Your response should be every line from the entries that includes the string "Test".

Records supplied: Begin

lemma card_pairs_lessThan_eq_sum:
  "card {(x, y). x < N \<and> y < N \<and> P x y} = (\<Sum>x<N. \<Sum>y<N. of_bool (P x y))" for N :: nat
proof -
  have "{(x, y). x < N \<and> y < N \<and> P x y} = (SIGMA x:{..<N}. {..<N} \<inter> {y. P x y})"
    by auto
  then show ?thesis
    by simp
qed

definition carry :: "nat \<Rightarrow> nat \<Rightarrow> nat \<Rightarrow> nat" where
  "carry u v c = (u mod 2 + v mod 2 + c) div 2"

lemma carry_le_1: "c \<le> 1 \<Longrightarrow> carry u v c \<le> 1"
  unfolding carry_def by linarith

lemma add_div2_carry: "(u + v + c) div 2 = u div 2 + v div 2 + carry u v c"
proof -
  have "u + v + c = 2 * (u div 2 + v div 2) + (u mod 2 + v mod 2 + c)"
    by simp
  then show ?thesis
    unfolding carry_def by (metis div_mult_self2 add.commute zero_neq_numeral)
qed

lemma carry_odd_if_ne:
  assumes "x < 2" "y < 2" "carry x \<alpha> c \<noteq> carry y \<alpha> c"
  shows "odd (carry x \<alpha> c + carry y \<alpha> c)"
proof -
  have "odd (s div 2 + (s + 1) div 2)" if "s div 2 \<noteq> (s + 1) div 2" for s :: nat
    using that by presburger
  moreover have "x = 0 \<and> y = 1 \<or> x = 1 \<and> y = 0"
    using assms by (auto simp: carry_def)
  ultimately show ?thesis
    using assms(3) unfolding carry_def by (auto simp: ac_simps)
qed

(* If \<alpha> mod 2 + c = 1 then carry x0 \<alpha> c = x0 and the parity condition leaves one y0 for
   each x0; otherwise carry x0 \<alpha> c does not depend on x0.  The proof checks all low bits. *)
lemma carry_parity_sum_le:
  fixes H :: "nat \<Rightarrow> nat"
  assumes "c \<le> 1" "d \<le> 1" "e \<le> 1"
  shows "of_bool (even (\<alpha> + \<beta> + \<gamma> + c + d + e)) *
      (\<Sum>x0<2. \<Sum>y0<2.
        of_bool (even (q + carry x0 \<alpha> c + carry y0 \<beta> d + carry (x0 + y0) \<gamma> e)) * H (carry x0 \<alpha> c))
    \<le> (\<Sum>x0<2. \<Sum>y0<2. of_bool (carry x0 \<alpha> c = carry y0 \<alpha> c) * H (carry x0 \<alpha> c))"
proof -
  define a b g p where low_bits: "a = \<alpha> mod 2" "b = \<beta> mod 2" "g = \<gamma> mod 2" "p = q mod 2"
  have "even (\<alpha> + \<beta> + \<gamma> + c + d + e) \<longleftrightarrow> even (a + b + g + c + d + e)"
    "even (q + r1 + r2 + r3) \<longleftrightarrow> even (p + r1 + r2 + r3)"
    "carry x \<alpha> c = carry x a c" "carry y \<beta> d = carry y b d" "carry z \<gamma> e = carry z g e"
    for r1 r2 r3 x y z
    unfolding low_bits carry_def by simp_all
  then have reduced: "?thesis \<longleftrightarrow>
      of_bool (even (a + b + g + c + d + e)) *
      (\<Sum>x0<2. \<Sum>y0<2.
        of_bool (even (p + carry x0 a c + carry y0 b d + carry (x0 + y0) g e)) * H (carry x0 a c))
    \<le> (\<Sum>x0<2. \<Sum>y0<2. of_bool (carry x0 a c = carry y0 a c) * H (carry x0 a c))"
    by (simp only:)
  have "{..<2::nat} = {0, 1}"
    by auto
  moreover have "a = 0 \<or> a = 1" "b = 0 \<or> b = 1" "g = 0 \<or> g = 1" "p = 0 \<or> p = 1"
    "c = 0 \<or> c = 1" "d = 0 \<or> d = 1" "e = 0 \<or> e = 1"
    unfolding low_bits using assms by auto
  ultimately show ?thesis
    unfolding reduced by (elim disjE) (simp_all add: carry_def)
qed
(* For all ProbNetKAT programs $p,q$: $[\![p]\!] = [\![q]\!]$ (as maps $2^{\mathsf{Pk}}\to\mathcal{D}(2^{\mathsf{Pk}})$) if and only if $\mathcal{B}[\![p]\!] = \mathcal{B}[\![q]\!]$.
   Context: Fix finitely many fields $f_1,\dots,f_k$, each ranging over a finite set of natural numbers. A packet $\pi$ is a record assigning a value to each field; $\pi.f$ is the value of field $f$ and $\pi[f:=n]$ is $\pi$ with field $f$ updated to $n$. $\mathsf{Pk}$ is the finite set of all packets. Syntax. Predicates: $t ::= \mathsf{false} \mid \mathsf{true} \mid f=n \mid t \,\&\, u \mid t ; u \mid \neg t$. Programs: $p ::= t \mid f \leftarrow n \mid p \,\&\, q \mid p ; q \mid p \oplus_r q \mid p^*$ (union, sequencing, probabilistic choice with rational $r\in[0,1]$, iteration). $p^{(0)} := \mathsf{true}$, $p^{(n+1)} := \mathsf{true} \,\&\, (p ; p^{(n)})$. Matrix semantics $\mathcal{B}[\![p]\!]\in[0,1]^{2^{\mathsf{Pk}}\times 2^{\mathsf{Pk}}}$ ($[\varphi]$ = Iverson bracket): $\mathcal{B}[\![\mathsf{false}]\!]_{ab}=[b=\emptyset]$; $\mathcal{B}[\![\mathsf{true}]\!]_{ab}=[a=b]$; $\mathcal{B}[\![f=n]\!]_{ab}=[b=\{\pi\in a:\pi.f=n\}]$; $\mathcal{B}[\![\neg t]\!]_{ab}=[b\subseteq a]\,\mathcal{B}[\![t]\!]_{a,a-b}$; $\mathcal{B}[\![f\leftarrow n]\!]_{ab}=[b=\{\pi[f:=n]:\pi\in a\}]$; $\mathcal{B}[\![p\,\&\,q]\!]_{ab}=\sum_{c,d}[c\cup d=b]\,\mathcal{B}[\![p]\!]_{ac}\mathcal{B}[\![q]\!]_{ad}$; $\mathcal{B}[\![p;q]\!]=\mathcal{B}[\![p]\!]\mathcal{B}[\![q]\!]$; $\mathcal{B}[\![p\oplus_r q]\!]=r\mathcal{B}[\![p]\!]+(1-r)\mathcal{B}[\![q]\!]$; $\mathcal{B}[\![p^*]\!]_{ab}=\lim_n\mathcal{B}[\![p^{(n)}]\!]_{ab}$. Denotational semantics: $\mathcal{D}(X)$ = probability distributions on finite $X$; $\delta_x$ Dirac; $\mathcal{D}(g)(\mu)=\mu\circ g^{-1}$; $g^\dagger(\mu)(A)=\sum_x g(x)(A)\mu(x)$; $\mu\times\nu$ product. Order: $\mu\sqsubseteq\nu$ iff $\mu(\{b:a\subseteq b\})\le\nu(\{b:a\subseteq b\})$ for all $a$. $[\![\mathsf{false}]\!](a)=\delta_\emptyset$; $[\![\mathsf{true}]\!](a)=\delta_a$; $[\![f=n]\!](a)=\delta_{\{\pi\in a:\pi.f=n\}}$; $[\![f\leftarrow n]\!](a)=\delta_{\{\pi[f:=n]:\pi\in a\}}$; $[\![\neg t]\!](a)=\mathcal{D}(\lambda b.a-b)([\![t]\!](a))$; $[\![p\,\&\,q]\!](a)=\mathcal{D}(\cup)([\![p]\!](a)\times[\![q]\!](a))$; $[\![p;q]\!](a)=[\![q]\!]^\dagger([\![p]\!](a))$; $[\![p\oplus_r q]\!](a)=r[\![p]\!](a)+(1-r)[\![q]\!](a)$; $[\![p^*]\!](a)=\bigsqcup_n[\![p^{(n)}]\!](a)$ (supremum of a $\sqsubseteq$-increasing chain). *)

theory Defs
  imports "HOL-Probability.Probability_Mass_Function"
begin

text \<open>Fields are the elements of a finite type 'f; field f ranges over the finite set
  rng f of naturals.\<close>

type_synonym 'f packet = "'f \<Rightarrow> nat"

definition Pk :: "('f \<Rightarrow> nat set) \<Rightarrow> 'f packet set" where
  "Pk rng = {\<pi>. \<forall>f. \<pi> f \<in> rng f}"

datatype 'f pred =
    PFalse
  | PTrue
  | Test 'f nat
  | PAnd "'f pred" "'f pred"
  | PSeq "'f pred" "'f pred"
  | PNeg "'f pred"

datatype 'f prog =
    Pred "'f pred"
  | Assign 'f nat
  | Union "'f prog" "'f prog"
  | Seq "'f prog" "'f prog"
  | Choice "'f prog" rat "'f prog"
  | Star "'f prog"

fun wf_pred :: "('f \<Rightarrow> nat set) \<Rightarrow> 'f pred \<Rightarrow> bool" where
  "wf_pred rng PFalse = True"
| "wf_pred rng PTrue = True"
| "wf_pred rng (Test f n) = (n \<in> rng f)"
| "wf_pred rng (PAnd t u) = (wf_pred rng t \<and> wf_pred rng u)"
| "wf_pred rng (PSeq t u) = (wf_pred rng t \<and> wf_pred rng u)"
| "wf_pred rng (PNeg t) = wf_pred rng t"

fun wf_prog :: "('f \<Rightarrow> nat set) \<Rightarrow> 'f prog \<Rightarrow> bool" where
  "wf_prog rng (Pred t) = wf_pred rng t"
| "wf_prog rng (Assign f n) = (n \<in> rng f)"
| "wf_prog rng (Union p q) = (wf_prog rng p \<and> wf_prog rng q)"
| "wf_prog rng (Seq p q) = (wf_prog rng p \<and> wf_prog rng q)"
| "wf_prog rng (Choice p r q) = (wf_prog rng p \<and> 0 \<le> r \<and> r \<le> 1 \<and> wf_prog rng q)"
| "wf_prog rng (Star p) = wf_prog rng p"

type_synonym 'f mat = "'f packet set \<Rightarrow> 'f packet set \<Rightarrow> real"

definition ind :: "bool \<Rightarrow> real" where
  "ind P = (if P then 1 else 0)"

definition mat_union :: "('f \<Rightarrow> nat set) \<Rightarrow> 'f mat \<Rightarrow> 'f mat \<Rightarrow> 'f mat" where
  "mat_union rng M N a b =
     (\<Sum>c\<in>Pow (Pk rng). \<Sum>d\<in>Pow (Pk rng). ind (c \<union> d = b) * M a c * N a d)"

definition mat_mult :: "('f \<Rightarrow> nat set) \<Rightarrow> 'f mat \<Rightarrow> 'f mat \<Rightarrow> 'f mat" where
  "mat_mult rng M N a b = (\<Sum>c\<in>Pow (Pk rng). M a c * N c b)"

Records supplied: End

**Final answer:**
  | Test 'f nat
| "wf_pred rng (Test f n) = (n \<in> rng f)"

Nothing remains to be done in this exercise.